- Opening Delimiter -

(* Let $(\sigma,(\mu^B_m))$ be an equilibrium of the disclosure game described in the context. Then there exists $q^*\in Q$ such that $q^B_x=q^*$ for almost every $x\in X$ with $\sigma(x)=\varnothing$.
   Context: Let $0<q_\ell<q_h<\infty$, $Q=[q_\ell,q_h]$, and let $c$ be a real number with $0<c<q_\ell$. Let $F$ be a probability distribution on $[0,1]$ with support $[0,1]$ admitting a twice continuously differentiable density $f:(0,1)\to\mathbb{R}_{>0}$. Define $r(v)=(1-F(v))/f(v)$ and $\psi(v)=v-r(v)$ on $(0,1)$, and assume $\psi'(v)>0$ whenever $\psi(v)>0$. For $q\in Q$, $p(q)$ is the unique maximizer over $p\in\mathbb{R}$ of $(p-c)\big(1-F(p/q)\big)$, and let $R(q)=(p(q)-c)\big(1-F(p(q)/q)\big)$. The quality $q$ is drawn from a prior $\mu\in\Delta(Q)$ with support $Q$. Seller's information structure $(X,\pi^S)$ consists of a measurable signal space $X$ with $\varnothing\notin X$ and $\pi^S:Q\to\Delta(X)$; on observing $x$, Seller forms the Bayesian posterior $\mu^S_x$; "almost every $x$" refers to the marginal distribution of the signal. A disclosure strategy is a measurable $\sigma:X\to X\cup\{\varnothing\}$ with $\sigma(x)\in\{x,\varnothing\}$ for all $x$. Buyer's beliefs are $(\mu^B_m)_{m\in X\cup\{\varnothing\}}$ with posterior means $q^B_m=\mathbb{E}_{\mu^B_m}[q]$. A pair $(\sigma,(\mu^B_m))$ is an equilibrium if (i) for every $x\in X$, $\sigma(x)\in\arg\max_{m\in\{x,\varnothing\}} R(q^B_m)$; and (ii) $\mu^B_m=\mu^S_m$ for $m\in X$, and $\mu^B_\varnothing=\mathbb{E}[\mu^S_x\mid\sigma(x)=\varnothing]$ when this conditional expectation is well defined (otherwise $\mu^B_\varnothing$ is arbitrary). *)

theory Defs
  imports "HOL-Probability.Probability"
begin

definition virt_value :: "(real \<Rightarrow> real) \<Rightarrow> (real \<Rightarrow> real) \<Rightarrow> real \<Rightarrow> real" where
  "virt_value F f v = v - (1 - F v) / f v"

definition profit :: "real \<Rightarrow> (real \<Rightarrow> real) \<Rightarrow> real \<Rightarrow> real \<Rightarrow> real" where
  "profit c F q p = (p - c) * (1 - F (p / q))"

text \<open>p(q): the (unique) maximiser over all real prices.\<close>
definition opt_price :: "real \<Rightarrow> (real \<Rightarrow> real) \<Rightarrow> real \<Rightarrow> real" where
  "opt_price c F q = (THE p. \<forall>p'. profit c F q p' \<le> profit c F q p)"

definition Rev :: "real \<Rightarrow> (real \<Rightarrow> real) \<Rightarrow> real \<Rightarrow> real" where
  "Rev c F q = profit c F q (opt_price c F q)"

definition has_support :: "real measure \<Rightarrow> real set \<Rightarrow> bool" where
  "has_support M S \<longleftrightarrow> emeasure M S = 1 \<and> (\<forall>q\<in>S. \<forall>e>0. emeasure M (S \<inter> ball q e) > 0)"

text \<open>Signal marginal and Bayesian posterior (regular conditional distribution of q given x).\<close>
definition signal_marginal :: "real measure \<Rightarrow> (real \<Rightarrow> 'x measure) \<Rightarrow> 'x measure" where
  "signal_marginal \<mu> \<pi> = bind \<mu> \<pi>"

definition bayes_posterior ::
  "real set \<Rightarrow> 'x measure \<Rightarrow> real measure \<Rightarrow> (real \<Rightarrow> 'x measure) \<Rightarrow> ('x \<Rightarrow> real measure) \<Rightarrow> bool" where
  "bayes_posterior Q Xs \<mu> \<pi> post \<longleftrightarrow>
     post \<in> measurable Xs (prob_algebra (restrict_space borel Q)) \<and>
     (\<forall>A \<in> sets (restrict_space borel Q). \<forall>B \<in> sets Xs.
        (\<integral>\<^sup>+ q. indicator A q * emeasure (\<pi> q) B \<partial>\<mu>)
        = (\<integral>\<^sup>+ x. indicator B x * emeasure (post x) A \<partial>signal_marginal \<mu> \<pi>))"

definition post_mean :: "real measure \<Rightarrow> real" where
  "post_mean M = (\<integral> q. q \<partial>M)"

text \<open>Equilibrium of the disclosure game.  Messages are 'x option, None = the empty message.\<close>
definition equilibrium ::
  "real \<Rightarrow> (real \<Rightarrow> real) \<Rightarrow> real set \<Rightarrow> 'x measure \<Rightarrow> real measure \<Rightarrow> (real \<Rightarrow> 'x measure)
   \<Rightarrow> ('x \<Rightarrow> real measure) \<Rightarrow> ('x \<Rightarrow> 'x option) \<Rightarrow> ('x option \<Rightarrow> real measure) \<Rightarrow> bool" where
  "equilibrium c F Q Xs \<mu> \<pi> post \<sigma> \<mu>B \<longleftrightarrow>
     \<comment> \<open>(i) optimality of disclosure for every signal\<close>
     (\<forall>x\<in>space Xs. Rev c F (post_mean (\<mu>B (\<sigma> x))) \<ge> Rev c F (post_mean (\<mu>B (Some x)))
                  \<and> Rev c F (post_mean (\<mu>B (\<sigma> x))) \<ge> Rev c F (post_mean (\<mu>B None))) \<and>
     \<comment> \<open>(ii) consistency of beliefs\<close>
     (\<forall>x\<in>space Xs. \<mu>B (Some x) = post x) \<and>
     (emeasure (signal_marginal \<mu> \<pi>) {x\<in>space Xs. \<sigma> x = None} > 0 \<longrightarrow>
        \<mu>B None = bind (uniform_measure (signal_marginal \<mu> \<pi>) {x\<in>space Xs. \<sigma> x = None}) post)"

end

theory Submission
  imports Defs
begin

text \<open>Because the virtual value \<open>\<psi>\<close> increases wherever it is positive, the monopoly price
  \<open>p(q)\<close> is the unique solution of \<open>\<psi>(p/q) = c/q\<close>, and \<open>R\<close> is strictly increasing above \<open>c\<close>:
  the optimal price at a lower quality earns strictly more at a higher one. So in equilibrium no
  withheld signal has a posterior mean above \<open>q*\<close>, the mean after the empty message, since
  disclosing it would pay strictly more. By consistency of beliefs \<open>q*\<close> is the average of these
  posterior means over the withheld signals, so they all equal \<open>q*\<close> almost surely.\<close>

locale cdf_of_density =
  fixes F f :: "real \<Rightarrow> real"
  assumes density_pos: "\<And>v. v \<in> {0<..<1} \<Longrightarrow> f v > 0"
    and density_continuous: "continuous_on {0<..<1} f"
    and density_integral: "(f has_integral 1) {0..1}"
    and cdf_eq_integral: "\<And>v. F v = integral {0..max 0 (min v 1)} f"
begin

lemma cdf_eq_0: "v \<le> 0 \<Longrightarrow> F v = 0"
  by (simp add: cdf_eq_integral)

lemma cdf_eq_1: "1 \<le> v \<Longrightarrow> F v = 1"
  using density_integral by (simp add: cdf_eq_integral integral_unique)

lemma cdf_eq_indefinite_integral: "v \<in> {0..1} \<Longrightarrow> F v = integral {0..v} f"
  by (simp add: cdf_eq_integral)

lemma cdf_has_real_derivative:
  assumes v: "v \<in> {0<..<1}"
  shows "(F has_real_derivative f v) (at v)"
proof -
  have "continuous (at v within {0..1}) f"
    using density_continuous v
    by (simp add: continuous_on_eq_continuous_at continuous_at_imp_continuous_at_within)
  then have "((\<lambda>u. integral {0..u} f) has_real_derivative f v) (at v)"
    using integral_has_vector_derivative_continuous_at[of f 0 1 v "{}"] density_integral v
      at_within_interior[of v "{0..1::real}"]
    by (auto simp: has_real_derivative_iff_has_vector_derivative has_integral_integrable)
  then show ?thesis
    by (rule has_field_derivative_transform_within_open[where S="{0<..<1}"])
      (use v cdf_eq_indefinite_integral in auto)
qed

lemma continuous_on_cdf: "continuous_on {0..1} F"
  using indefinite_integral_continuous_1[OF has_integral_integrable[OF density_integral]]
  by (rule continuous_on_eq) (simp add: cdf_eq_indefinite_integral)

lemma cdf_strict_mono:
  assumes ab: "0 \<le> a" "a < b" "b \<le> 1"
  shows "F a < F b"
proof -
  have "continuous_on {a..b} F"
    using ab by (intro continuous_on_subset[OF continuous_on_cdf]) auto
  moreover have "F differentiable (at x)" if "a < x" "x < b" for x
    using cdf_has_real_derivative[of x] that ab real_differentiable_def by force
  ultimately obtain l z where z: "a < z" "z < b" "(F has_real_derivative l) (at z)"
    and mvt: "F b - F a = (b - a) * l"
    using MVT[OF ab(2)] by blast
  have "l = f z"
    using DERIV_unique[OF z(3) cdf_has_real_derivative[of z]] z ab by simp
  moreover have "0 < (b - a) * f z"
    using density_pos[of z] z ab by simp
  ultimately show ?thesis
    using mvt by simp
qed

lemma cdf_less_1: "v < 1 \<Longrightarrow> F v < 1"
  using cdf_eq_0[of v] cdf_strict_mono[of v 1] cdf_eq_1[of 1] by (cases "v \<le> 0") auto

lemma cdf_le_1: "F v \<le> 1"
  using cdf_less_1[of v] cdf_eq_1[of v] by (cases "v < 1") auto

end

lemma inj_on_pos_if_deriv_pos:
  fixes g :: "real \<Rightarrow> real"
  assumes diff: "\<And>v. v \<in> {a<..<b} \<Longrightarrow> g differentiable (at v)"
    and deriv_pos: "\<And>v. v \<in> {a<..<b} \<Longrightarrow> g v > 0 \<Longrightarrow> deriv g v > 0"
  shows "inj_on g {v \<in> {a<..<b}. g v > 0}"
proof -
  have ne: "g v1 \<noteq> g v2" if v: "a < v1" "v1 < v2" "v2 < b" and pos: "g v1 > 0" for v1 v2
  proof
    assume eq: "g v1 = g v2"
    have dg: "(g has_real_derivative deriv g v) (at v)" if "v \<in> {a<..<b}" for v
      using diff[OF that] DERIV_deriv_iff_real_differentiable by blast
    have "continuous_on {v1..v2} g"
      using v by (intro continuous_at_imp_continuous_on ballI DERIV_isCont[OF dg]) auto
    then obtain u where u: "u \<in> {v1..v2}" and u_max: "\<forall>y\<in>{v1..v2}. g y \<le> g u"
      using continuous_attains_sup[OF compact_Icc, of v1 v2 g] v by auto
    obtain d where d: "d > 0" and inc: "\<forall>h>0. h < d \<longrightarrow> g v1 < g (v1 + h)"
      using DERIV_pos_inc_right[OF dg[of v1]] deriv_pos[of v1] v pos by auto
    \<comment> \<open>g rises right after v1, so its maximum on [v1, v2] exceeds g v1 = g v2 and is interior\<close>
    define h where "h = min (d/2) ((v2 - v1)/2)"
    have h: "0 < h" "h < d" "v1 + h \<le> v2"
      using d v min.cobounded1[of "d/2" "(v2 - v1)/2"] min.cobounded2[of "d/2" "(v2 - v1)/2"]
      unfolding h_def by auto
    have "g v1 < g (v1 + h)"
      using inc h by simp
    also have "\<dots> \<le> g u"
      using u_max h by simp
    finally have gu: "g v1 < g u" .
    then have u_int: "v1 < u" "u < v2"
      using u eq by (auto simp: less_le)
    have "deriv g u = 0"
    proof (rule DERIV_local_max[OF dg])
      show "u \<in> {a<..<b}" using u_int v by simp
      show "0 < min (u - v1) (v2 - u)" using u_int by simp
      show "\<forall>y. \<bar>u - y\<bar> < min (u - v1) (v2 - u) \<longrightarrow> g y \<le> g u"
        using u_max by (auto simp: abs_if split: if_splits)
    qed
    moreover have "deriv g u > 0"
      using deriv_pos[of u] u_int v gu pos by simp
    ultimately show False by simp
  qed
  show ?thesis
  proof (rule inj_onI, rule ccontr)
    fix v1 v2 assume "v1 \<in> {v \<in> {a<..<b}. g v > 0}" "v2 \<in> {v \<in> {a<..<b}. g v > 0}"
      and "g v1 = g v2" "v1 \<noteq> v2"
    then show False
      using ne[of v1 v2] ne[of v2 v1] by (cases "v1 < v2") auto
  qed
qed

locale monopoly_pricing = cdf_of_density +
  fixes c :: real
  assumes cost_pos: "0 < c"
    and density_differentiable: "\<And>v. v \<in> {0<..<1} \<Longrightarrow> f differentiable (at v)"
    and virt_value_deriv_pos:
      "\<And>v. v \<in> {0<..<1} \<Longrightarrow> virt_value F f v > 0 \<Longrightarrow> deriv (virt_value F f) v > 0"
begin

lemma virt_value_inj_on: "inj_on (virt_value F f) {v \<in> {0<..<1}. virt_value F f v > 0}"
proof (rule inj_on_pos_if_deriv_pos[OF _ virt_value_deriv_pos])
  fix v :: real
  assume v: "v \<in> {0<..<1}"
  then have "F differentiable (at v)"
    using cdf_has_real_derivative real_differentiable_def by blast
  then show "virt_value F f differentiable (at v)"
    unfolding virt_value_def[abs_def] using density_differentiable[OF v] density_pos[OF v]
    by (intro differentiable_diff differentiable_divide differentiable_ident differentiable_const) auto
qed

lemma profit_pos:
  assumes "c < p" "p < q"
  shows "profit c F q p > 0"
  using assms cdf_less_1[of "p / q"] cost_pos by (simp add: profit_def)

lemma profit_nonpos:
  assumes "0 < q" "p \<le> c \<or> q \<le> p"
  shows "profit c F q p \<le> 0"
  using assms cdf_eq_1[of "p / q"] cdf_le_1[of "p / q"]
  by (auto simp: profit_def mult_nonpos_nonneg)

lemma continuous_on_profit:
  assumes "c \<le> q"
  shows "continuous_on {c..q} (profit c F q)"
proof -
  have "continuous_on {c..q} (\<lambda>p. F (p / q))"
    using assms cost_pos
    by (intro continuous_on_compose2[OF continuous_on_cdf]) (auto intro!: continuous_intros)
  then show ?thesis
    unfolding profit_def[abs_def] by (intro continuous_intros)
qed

- Closing Delimiter -

◆ **What to do**
Using the listing above, pick out each line that contains the word "indicator", then copy it.

◆ **Output for this exercise**
        (\<integral>\<^sup>+ q. indicator A q * emeasure (\<pi> q) B \<partial>\<mu>)
        = (\<integral>\<^sup>+ x. indicator B x * emeasure (post x) A \<partial>signal_marginal \<mu> \<pi>))"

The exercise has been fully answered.